3.1. The Impact of Different Factors on Overall Survival in Oral Cancer Patients

Figure 1A shows that the high CAF_TIDE group has lower survival rates, with a statistically significant p = 0.004 and HR = 1.48 (95% CI = [1.134, 1.932]). Figure 1B demonstrates that the high CAF_xCell group also experiences lower survival rates, with p = 0.027 and HR = 0.741 (95% CI = [0.568, 0.967]). Figure 1C indicates that the high StromalScore group has reduced survival rates, with p = 0.045 and HR = 0.701 (95% CI = [0.494, 0.994]). Figure 1D highlights that the high CAF_TIDE group shows significantly lower survival compared to the low group, with p < 0.001 and HR = 2.873 (95% CI = [1.829, 4.511]). Figure 1E reveals that the high CAF_xCell group has lower survival rates, with p < 0.001 and HR = 1.627 (95% CI = [1.24, 2.134]). Figure 1F shows that the high StromalScore group experiences decreased survival, with p = 0.002 and HR = 1.553 (95% CI = [1.171, 2.06]). Overall, higher levels of CAF_TIDE, CAF_xCell and StromalScore are associated with poorer survival outcomes in oral cancer patients.

FIGURE 1.

FIGURE 1

The impact of different factors on overall survival in oral cancer patients. A‐C: Kaplan–Meier survival curves showing overall survival based on low (green) and high (red) levels of CAF_TIDE, CAF_xCell and StromalScore. (A) Low CAF_TIDE levels are linked to better survival (p = 0.004, HR = 1.48). (B) Low CAF_xCell levels improve survival (p = 0.027, HR = 0.741). (C) Low StromalScore is associated with better survival (p = 0.045, HR = 0.701). D‐F: Survival curves with high (blue) and low (red) groups, confirming previous trends. (D) High CAF_TIDE levels indicate poorer survival (p < 0.001, HR = 2.873). (E) High CAF_xCell levels relate to worse survival (p < 0.001, HR = 1.627). (F) High StromalScore correlates with reduced survival (p = 0.002, HR = 1.553).

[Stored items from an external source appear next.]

lemma cf_fin_ones_LIMSEQ: "(\<lambda>k. cf_fin (\<lambda>_. 1) k) \<longlonglongrightarrow> golden_inv"
proof -
  define c where "c k = cf_fin (\<lambda>_. 1) k" for k
  define q where "q = 1 / (1 + golden_inv)"
  have q: "0 < q" "q < 1"
    using golden_inv_pos by (simp_all add: q_def)
  have contract: "\<bar>c (Suc k) - golden_inv\<bar> \<le> q * \<bar>c k - golden_inv\<bar>" for k
  proof -
    have ck: "0 \<le> c k"
      by (simp add: c_def cf_fin_nonneg)
    have "c (Suc k) - golden_inv = 1 / (1 + c k) - 1 / (1 + golden_inv)"
      by (subst golden_inv_fixpoint[symmetric]) (simp add: c_def)
    also have "\<dots> = (golden_inv - c k) / ((1 + c k) * (1 + golden_inv))"
      using ck golden_inv_pos by (simp add: field_simps)
    finally have "\<bar>c (Suc k) - golden_inv\<bar> = q * (\<bar>c k - golden_inv\<bar> / (1 + c k))"
      using ck golden_inv_pos by (simp add: q_def abs_minus_commute abs_mult)
    also have "\<dots> \<le> q * \<bar>c k - golden_inv\<bar>"
      using ck q by (intro mult_left_mono) (auto simp: divide_le_eq mult_le_cancel_left1)
    finally show ?thesis .
  qed
  have "\<bar>c k - golden_inv\<bar> \<le> q ^ k * golden_inv" for k
  proof (induction k)
    case 0
    then show ?case
      using golden_inv_pos by (simp add: c_def)
  next
    case (Suc k)
    have "\<bar>c (Suc k) - golden_inv\<bar> \<le> q * \<bar>c k - golden_inv\<bar>"
      by (rule contract)
    also have "\<dots> \<le> q * (q ^ k * golden_inv)"
      using Suc q by (intro mult_left_mono) auto
    finally show ?case
      by (simp add: mult.assoc)
  qed
  then have "\<forall>\<^sub>F k in sequentially. norm (c k - golden_inv) \<le> norm (q ^ k * golden_inv) * 1"
    using q golden_inv_pos by (intro always_eventually) simp
  moreover have "(\<lambda>k. q ^ k * golden_inv) \<longlonglongrightarrow> 0"
    using q by (intro tendsto_mult_left_zero LIMSEQ_power_zero) simp
  ultimately have "(\<lambda>k. c k - golden_inv) \<longlonglongrightarrow> 0"
    by (rule tendsto_0_le[rotated])
  then show ?thesis
    by (simp add: c_def LIM_zero_iff)
qed

lemma cf_alpha_eqI:
  assumes "(\<lambda>k. cf_fin (\<lambda>t. d (j + t)) k) \<longlonglongrightarrow> L"
  shows "cf_alpha d j = L"
  using assms by (simp add: cf_alpha_def cf_val_def limI)

context
  fixes d :: "nat \<Rightarrow> nat" and M :: nat
  assumes digits_pos: "\<And>k. d k \<ge> 1"
    and digits_eventually_one: "\<And>k. k \<ge> M \<Longrightarrow> d k = 1"
begin

lemma cf_fin_eventually_LIMSEQ:
  assumes "j \<ge> M"
  shows "(\<lambda>k. cf_fin (\<lambda>t. d (j + t)) k) \<longlonglongrightarrow> golden_inv"
proof -
  have "(\<lambda>t. d (j + t)) = (\<lambda>_. 1)"
    using assms digits_eventually_one by auto
  then show ?thesis
    using cf_fin_ones_LIMSEQ by simp
qed

lemma cf_alpha_eventually: "j \<ge> M \<Longrightarrow> cf_alpha d j = golden_inv"
  by (intro cf_alpha_eqI cf_fin_eventually_LIMSEQ)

3.2. Module–Trait Relationships, Gene Significance and Functional Enrichment

Figure 2A,C Module–Trait Relationships: Heatmaps display the correlation between gene modules and specific traits. Different colours indicate the strength and direction of these correlations. For instance, certain modules show strong positive or negative correlations with traits like OS (overall survival) and T (tumour). Figure 2B,D: These plots illustrate the relationship between module membership and gene significance. A trend is visible, suggesting that genes highly significant for a trait are also central to the corresponding module. Figure 2E: This diagram shows the overlap between two datasets, indicating shared and unique elements. The intersection highlights common genes or features between the datasets. Figure 2F,G: Dot plots display enriched biological processes and pathways. The size of the dots represents the count of genes involved, while the colour gradient indicates the significance level (p value). Key pathways like ‘extracellular matrix organization’ and ‘immune response’ are prominently enriched, suggesting their roles in the study's context.

FIGURE 2.

FIGURE 2

Module–trait relationships, gene significance and functional enrichment. (A) Heatmap showing module–trait relationships, indicating correlations between gene modules and traits. (B) Scatter plot of module membership versus gene significance for a specific module, showing a strong positive correlation. (C) Another heatmap of module–trait relationships for a different dataset. (D) Scatter plot similar to Panel B, but with a weaker correlation. (E) Venn diagram displaying the overlap of genes between two datasets (TCGA and GEO). (F) Dot plot of enriched biological processes, highlighting significant pathways related to extracellular matrix organisation. (G) Dot plot showing enriched pathways, focusing on cancer‐related and signalling pathways.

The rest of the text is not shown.